Both Snodgrass and Eifert exemplify exceptional leaders, and each echoed the other when asked about their experiences as female leaders in AFROTC. Snodgrass explains that while the Air Force is male dominated, AFROTC has a substantial number of females in the program and those numbers are only growing. Snodgrass and Eifert both went on to say that the cadets in AFROTC are looked at by how well they can perform each task at hand, not by one’s gender. The dedication, strength and leadership displayed by both Eifert and Snodgrass is what led them to being selected for Flight Commander and Deputy, respectively. Together, they are responsible for mentoring, teaching and training 20 cadets beginning this spring.
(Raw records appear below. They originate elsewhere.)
lemma skip_seq_blocks:
  assumes j: "1 \<le> j" "j < length w"
  shows "map (\<lambda>i. zprod m (take (skip_seq (length w) j ! (i + 1) - skip_seq (length w) j ! i)
                          (drop (skip_seq (length w) j ! i) w))) [0..<length w - 1]
       = map sg (take (j - 1) w) @ [m (w ! (j - 1)) (w ! j)] @ map sg (drop (j + 1) w)"
  (is "map ?b _ = ?rhs")
proof (rule nth_equalityI)
  show "length (map ?b [0..<length w - 1]) = length ?rhs" using j by simp
next
  fix i
  assume "i < length (map ?b [0..<length w - 1])"
  then have i: "i < length w - 1" by simp
  have take1: "take (Suc 0) (drop k w) = [w ! k]" if "k < length w" for k
    using that by (simp add: Cons_nth_drop_Suc[symmetric])
  consider "i < j - 1" | "i = j - 1" | "i > j - 1" by linarith
  then show "map ?b [0..<length w - 1] ! i = ?rhs ! i"
  proof cases
    case 1
    then have "skip_seq (length w) j ! i = i" "skip_seq (length w) j ! (i + 1) = i + 1"
      using i j by (simp_all add: skip_seq_nth)
    then show ?thesis using 1 i j by (simp add: nth_append take1)
  next
    case 2
    have "take 2 (drop (j - 1) w) = [w ! (j - 1), w ! j]"
      using j by (simp add: Cons_nth_drop_Suc[symmetric] numeral_2_eq_2)
    moreover have "skip_seq (length w) j ! i = j - 1" "skip_seq (length w) j ! (i + 1) = j + 1"
      using 2 i j by (simp_all add: skip_seq_nth)
    ultimately show ?thesis using 2 i j by (simp add: nth_append zmult_single_left)
  next
    case 3
    then have "skip_seq (length w) j ! i = i + 1" "skip_seq (length w) j ! (i + 1) = i + 2"
      using i j by (simp_all add: skip_seq_nth)
    moreover have "drop (j + 1) w ! (i - j) = w ! (i + 1)" using 3 i j by simp
    ultimately show ?thesis using 3 i j by (simp add: nth_append take1)
  qed
qed

lemma Con_skip_seq:
  assumes j: "1 \<le> j" "j < length w"
  shows "Con m (skip_seq (length w) j) w = single_contr m j w"
  using j skip_seq_blocks[OF j, of m]
  by (simp add: Con_def skip_seq_def wprod_append wprod_sg single_contr_def liftw_def)

theorem contr_w_Con: "contr_w m w = (\<Sum>r\<in>{r\<in>Rseq (length w). sigma (length w) r = 1}. Con m r w)"
proof -
  have "(\<Sum>r\<in>{r\<in>Rseq (length w). sigma (length w) r = 1}. Con m r w)
      = (\<Sum>j\<in>{1..<length w}. Con m (skip_seq (length w) j) w)"
    by (rule sum.reindex_bij_betw[OF skip_seq_bij, symmetric])
  also have "\<dots> = (\<Sum>j\<in>{1..<length w}. single_contr m j w)"
    by (rule sum.cong) (auto simp: Con_skip_seq)
  finally show ?thesis by (simp add: contr_w_single_contr)
qed
theorem mainTheorem11:
  fixes M :: "'a measure"
    and n :: nat and lam \<rho> r :: real and k :: nat
    and v :: "nat \<Rightarrow> 'a \<Rightarrow> real"
    and W :: "nat \<Rightarrow> nat \<Rightarrow> 'a \<Rightarrow> real"
  assumes "prob_space M"
    and "n \<ge> 1"
    and "lam > 0" and "0 < \<rho>" and "\<rho> \<le> 1/2"
    and v_rv: "\<And>i. i < n \<Longrightarrow> v i \<in> borel_measurable M"
    and v_distr: "\<And>i. i < n \<Longrightarrow>
        distr M borel (v i) = distr (measure_pmf (bernoulli_pmf \<rho>)) borel (\<lambda>b. of_bool b)"
    and W_sym: "\<And>i j. i < n \<Longrightarrow> j < n \<Longrightarrow> W j i = W i j"
    and W_off: "\<And>i j. i < j \<Longrightarrow> j < n \<Longrightarrow>
        distributed M lborel (W i j) (normal_density 0 1)"
    and W_diag: "\<And>i. i < n \<Longrightarrow>
        distributed M lborel (W i i) (normal_density 0 (sqrt 2))"
    and indep: "prob_space.indep_vars M (\<lambda>_. borel)
        (\<lambda>s. case s of Inl i \<Rightarrow> v i | Inr (i, j) \<Rightarrow> W i j)
        (Inl ` {..<n} \<union> Inr ` {(i, j). i \<le> j \<and> j < n})"
    and "0 < r" and "r < 1"
    and lam: "lam \<ge> 12 / r * sqrt (ln 4 + 2 * real (2*k+1) * ln (9 / \<rho>))"
  shows "prob_space.expectation M
           (\<lambda>\<omega>. (tau k ((lam * v 0 \<omega> * v 0 \<omega> + W 0 0 \<omega>) / lam) - v 0 \<omega>)\<^sup>2)
         \<le> real (2*k+1) ^ 2 * r ^ (2*k)"
proof -
  interpret prob_space M by fact
  define D where "D = real (2*k+1)"
  define bound where
    "bound w = D^2 * 64^k * (((w / lam)^2)^(k+1) + ((w / lam)^2)^(2*k+1))" for w
  have "0 < n" using \<open>n \<ge> 1\<close> by simp
  note W00 = distributed_normal_sqrt2_scaled_moment[OF W_diag[OF \<open>0 < n\<close>], of lam]
  have bound_integrable: "integrable M (\<lambda>\<omega>. bound (W 0 0 \<omega>))"
    unfolding bound_def by (intro integrable_mult_right Bochner_Integration.integrable_add W00(1))
  have AE_bound: "AE \<omega> in M. (tau k ((lam * v 0 \<omega> * v 0 \<omega> + W 0 0 \<omega>) / lam) - v 0 \<omega>)\<^sup>2
      \<le> bound (W 0 0 \<omega>)"
    using AE_zero_or_one_if_distr_bernoulli[OF v_rv v_distr, OF \<open>0 < n\<close> \<open>0 < n\<close>]
  proof eventually_elim
    case (elim \<omega>)
    then have "(lam * v 0 \<omega> * v 0 \<omega> + W 0 0 \<omega>) / lam = v 0 \<omega> + W 0 0 \<omega> / lam"
      using \<open>lam > 0\<close> by (auto simp: field_simps)
    then show ?case
      using tau_sq_err_le[OF elim, of k "W 0 0 \<omega> / lam"] by (simp add: bound_def D_def)
  qed
  have "expectation (\<lambda>\<omega>. (tau k ((lam * v 0 \<omega> * v 0 \<omega> + W 0 0 \<omega>) / lam) - v 0 \<omega>)\<^sup>2)
      \<le> expectation (\<lambda>\<omega>. bound (W 0 0 \<omega>))"
    by (rule integral_mono_AE'[OF bound_integrable AE_bound]) (simp add: bound_def)
  also have "\<dots> = D^2 * (64^k * (fact (2*(k+1)) / fact (k+1) / lam^(2*(k+1)) +
                 fact (2*(2*k+1)) / fact (2*k+1) / lam^(2*(2*k+1))))"
    unfolding bound_def integral_mult_right_zero W00(2)
      Bochner_Integration.integral_add[OF W00(1) W00(1)]
    by (simp only: mult.assoc)
  also have "\<dots> \<le> D^2 * r^(2*k)"
    using moment_sum_le[OF \<open>0 < r\<close> \<open>r < 1\<close> \<open>lam > 0\<close>
        sq_ge_of_threshold[OF \<open>0 < \<rho>\<close> \<open>\<rho> \<le> 1/2\<close> \<open>0 < r\<close> lam]]
    by (intro mult_left_mono) auto
  finally show ?thesis
    by (simp add: D_def)
qed

end
lemma fps_cong_mult_inverse:
  fixes f g h u :: "'a::field fps"
  assumes "fps_cong k f (g * h)" "fps_cong k u h" "h $ 0 \<noteq> 0" "u $ 0 \<noteq> 0"
  shows "fps_cong k (f * inverse u) g"
proof -
  have "fps_cong k (f * inverse u) (g * h * inverse h)"
    using assms by (intro fps_cong_mult fps_cong_inverse) auto
  with assms(3) show ?thesis
    by (simp add: inverse_mult_eq_1' mult.assoc)
qed

lemma fps_cong_prod_tail:
  fixes n :: nat
  shows "N \<le> n \<Longrightarrow> (\<And>j. N \<le> j \<Longrightarrow> j < n \<Longrightarrow> fps_cong k (f j) 1)
    \<Longrightarrow> fps_cong k (\<Prod>j<n. f j) (\<Prod>j<N. f j)"
proof (induction n)
  case (Suc n)
  show ?case
  proof (cases "N = Suc n")
    case False
    with Suc.prems have "fps_cong k ((\<Prod>j<n. f j) * f n) ((\<Prod>j<N. f j) * 1)"
      by (intro fps_cong_mult Suc.IH) auto
    then show ?thesis
      by simp
  qed simp
qed simp

lemma fps_cong_one_plus_X_power:
  "k \<le> m \<Longrightarrow> fps_cong k (1 + c * fps_X ^ m) 1"
  unfolding fps_cong_def by (simp add: le_imp_power_dvd)

lemma qpoch_X_power_nth_0:
  "e > 0 \<Longrightarrow> qpoch ((fps_X :: 'a::comm_ring_1 fps) ^ e) n $ 0 = 1"
  by (induction n) (simp_all add: qpoch_Suc power_mult[symmetric])

lemma qpoch_X_power_nonzero:
  "e > 0 \<Longrightarrow> qpoch ((fps_X :: 'a::comm_ring_1 fps) ^ e) n \<noteq> 0"
  using qpoch_X_power_nth_0[of e n] by (metis fps_zero_nth zero_neq_one)

lemma qpoch_X_power_cong:
  assumes "e > 0" "N \<le> a" "N \<le> b"
  shows "fps_cong (Suc N) (qpoch ((fps_X :: 'a::comm_ring_1 fps) ^ e) a) (qpoch (fps_X ^ e) b)"
proof -
  have tail: "fps_cong (Suc N) (qpoch ((fps_X :: 'a fps) ^ e) n) (qpoch (fps_X ^ e) N)" if "N \<le> n" for n
    unfolding qpoch_def
  proof (rule fps_cong_prod_tail)
    fix j assume "N \<le> j"
    moreover have "Suc j \<le> e * Suc j"
      using assms(1) by (cases e) auto
    ultimately have "Suc N \<le> e * Suc j"
      by linarith
    then show "fps_cong (Suc N) (1 - (fps_X ^ e) ^ Suc j) 1"
      using fps_cong_one_plus_X_power[of "Suc N" "e * Suc j" "-1"] by (simp flip: power_mult power_add)
  qed (use that in simp)
  show ?thesis
    using tail[OF assms(2)] tail[OF assms(3)] by (meson fps_cong_sym fps_cong_trans)
qed

lemma inverse_qpoch_X_power_cong:
  assumes "e > 0" "N \<le> a" "N \<le> b"
  shows "fps_cong (Suc N) (inverse (qpoch ((fps_X :: 'a::field fps) ^ e) a)) (inverse (qpoch (fps_X ^ e) b))"
  using assms by (intro fps_cong_inverse qpoch_X_power_cong) (simp_all add: qpoch_X_power_nth_0)

lemma qbinom_X_power_eq:
  assumes "e > 0"
  shows "qbinom ((fps_X :: 'a::field fps) ^ e) a b
       = qpoch (fps_X ^ e) (a + b) * inverse (qpoch (fps_X ^ e) a) * inverse (qpoch (fps_X ^ e) b)"
proof -
  let ?P = "qpoch ((fps_X :: 'a fps) ^ e)"
  have "?P (a + b) * inverse (?P a) * inverse (?P b)
      = qbinom (fps_X ^ e) a b * (?P a * inverse (?P a)) * (?P b * inverse (?P b))"
    unfolding qbinom_mult_qpoch[symmetric] by (simp add: mult_ac)
  also have "\<dots> = qbinom (fps_X ^ e) a b"
    using assms by (simp add: inverse_mult_eq_1' qpoch_X_power_nth_0)
  finally show ?thesis ..
qed

text \<open>Modulo \<open>X\<^bsup>m+1\<^esup>\<close> all the factors \<open>(X\<^sup>e; X\<^sup>e)\<^sub>k\<close> with
  \<open>k \<ge> m\<close> agree, so the Gaussian binomial collapses to \<open>1 / (X\<^sup>e; X\<^sup>e)\<^sub>m\<close>.\<close>

lemma qbinom_X_power_cong:
  assumes e: "e > 0" and L: "min a b \<le> L"
  shows "fps_cong (Suc (min a b)) (qbinom ((fps_X :: 'a::field fps) ^ e) a b) (inverse (qpoch (fps_X ^ e) L))"
proof -
  let ?P = "qpoch ((fps_X :: 'a fps) ^ e)" and ?m = "min a b"
  have "fps_cong (Suc ?m) (qbinom (fps_X ^ e) a b) (?P ?m * inverse (?P ?m) * inverse (?P ?m))"
    unfolding qbinom_X_power_eq[OF e]
    by (intro fps_cong_mult qpoch_X_power_cong inverse_qpoch_X_power_cong e) auto
  also have "?P ?m * inverse (?P ?m) * inverse (?P ?m) = inverse (?P ?m)"
    using e by (simp add: inverse_mult_eq_1' qpoch_X_power_nth_0)
  finally show ?thesis
    using inverse_qpoch_X_power_cong[OF e order_refl L] by (rule fps_cong_trans)
qed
Snodgrass and Eifert had this advice for students on the fence about joining AFROTC:

“You uncover parts about yourself you didn’t know were there,” Eifert said. “You have to push yourself mentally, you have to push yourself physically, and you have to push yourself in a leadership capacity. There are many ways to shrink our campus and find community. I hope that all students are able to find the fulfillment I found by being a part of ROTC.”

Snodgrass added, “If it’s something you’ve considered, go to the detachment [Van Fleet Hall] and ask questions. The passion from all of the cadets is there. We’re all so willing to talk to you about it. Find out what it’s about; it might be something that changes your life.”